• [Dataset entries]
::::::

lemma dA_le_cover: "v \<in> A \<Longrightarrow> real (dA v) \<le> (if v \<in> S then 3 else 0)"
proof -
  assume v: "v \<in> A"
  have sub: "neighbours V E v \<inter> A \<subseteq> S - {v}"
    using S_covers v simple_graph_irrefl[OF sg] unfolding edges_within_def neighbours_def by auto
  show ?thesis
  proof (cases "v \<in> S")
    case True
    have "dA v \<le> card (S - {v})" by (rule card_mono) (use S sub in auto)
    then show ?thesis using True S by simp
  next
    case False
    then have "neighbours V E v \<inter> A = {}" using S_covers v unfolding edges_within_def neighbours_def by auto
    then show ?thesis using False by simp
  qed
qed

lemma sum_dA_le_12: "(\<Sum>v\<in>A. real (dA v)) \<le> 12"
proof -
  have "(\<Sum>v\<in>A. real (dA v)) \<le> (\<Sum>v\<in>A. if v \<in> S then 3 else 0)" by (intro sum_mono dA_le_cover)
  also have "\<dots> = 3 * real (card S)" using finite_A S by (simp add: sum.If_cases Int_absorb1)
  finally show ?thesis using S by simp
qed

lemma rho_sum_dA_y_le:
  "rho * (\<Sum>v\<in>A. real (dA v) * y v) \<le> 4 * (\<Sum>v\<in>A. real (dA v)) + 3 * (\<Sum>w\<in>B. real (dA w) * y w)"
proof -
  have "real (dA v) * (rho * y v) \<le> 4 * real (dA v) + 3 * (\<Sum>w\<in>neighbours V E v \<inter> B. y w)"
    if v: "v \<in> A" for v
  proof -
    define Y where "Y = (\<Sum>w\<in>neighbours V E v \<inter> B. y w)"
    have "0 \<le> Y" unfolding Y_def by (rule sum_y_nonneg) auto
    have d3: "real (dA v) \<le> 3" using dA_le_cover[OF v] by (simp split: if_splits)
    have "rho * y v \<le> 1 + real (dA v) + Y"
      using eigen_A[OF v] sum_y_le_card[of "neighbours V E v \<inter> A"] A_subset unfolding Y_def by fastforce
    then have "real (dA v) * (rho * y v) \<le> real (dA v) * (1 + real (dA v) + Y)" by (rule mult_left_mono) simp
    also have "\<dots> \<le> 4 * real (dA v) + 3 * Y"
      using d3 \<open>0 \<le> Y\<close> mult_right_mono[OF d3, of "real (dA v)"] mult_right_mono[OF d3 \<open>0 \<le> Y\<close>]
      by (simp add: algebra_simps)
    finally show ?thesis unfolding Y_def .
  qed
  then have "rho * (\<Sum>v\<in>A. real (dA v) * y v)
      \<le> (\<Sum>v\<in>A. 4 * real (dA v) + 3 * (\<Sum>w\<in>neighbours V E v \<inter> B. y w))"
    by (simp add: sum_distrib_left algebra_simps sum_mono)
  also have "\<dots> = 4 * (\<Sum>v\<in>A. real (dA v)) + 3 * (\<Sum>w\<in>B. real (dA w) * y w)"
    by (simp add: sum.distrib sum_distrib_left sum_neighbours_swap[OF sg A_subset] mult.left_commute)
  finally show ?thesis .
qed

::::::

• [DIRECTIONS FOR THIS TASK]
Which lines above contain the word "else"? Copy each one.

• [RESPONSE FOR THIS EXERCISE]
lemma dA_le_cover: "v \<in> A \<Longrightarrow> real (dA v) \<le> (if v \<in> S then 3 else 0)"
  have "(\<Sum>v\<in>A. real (dA v)) \<le> (\<Sum>v\<in>A. if v \<in> S then 3 else 0)" by (intro sum_mono dA_le_cover)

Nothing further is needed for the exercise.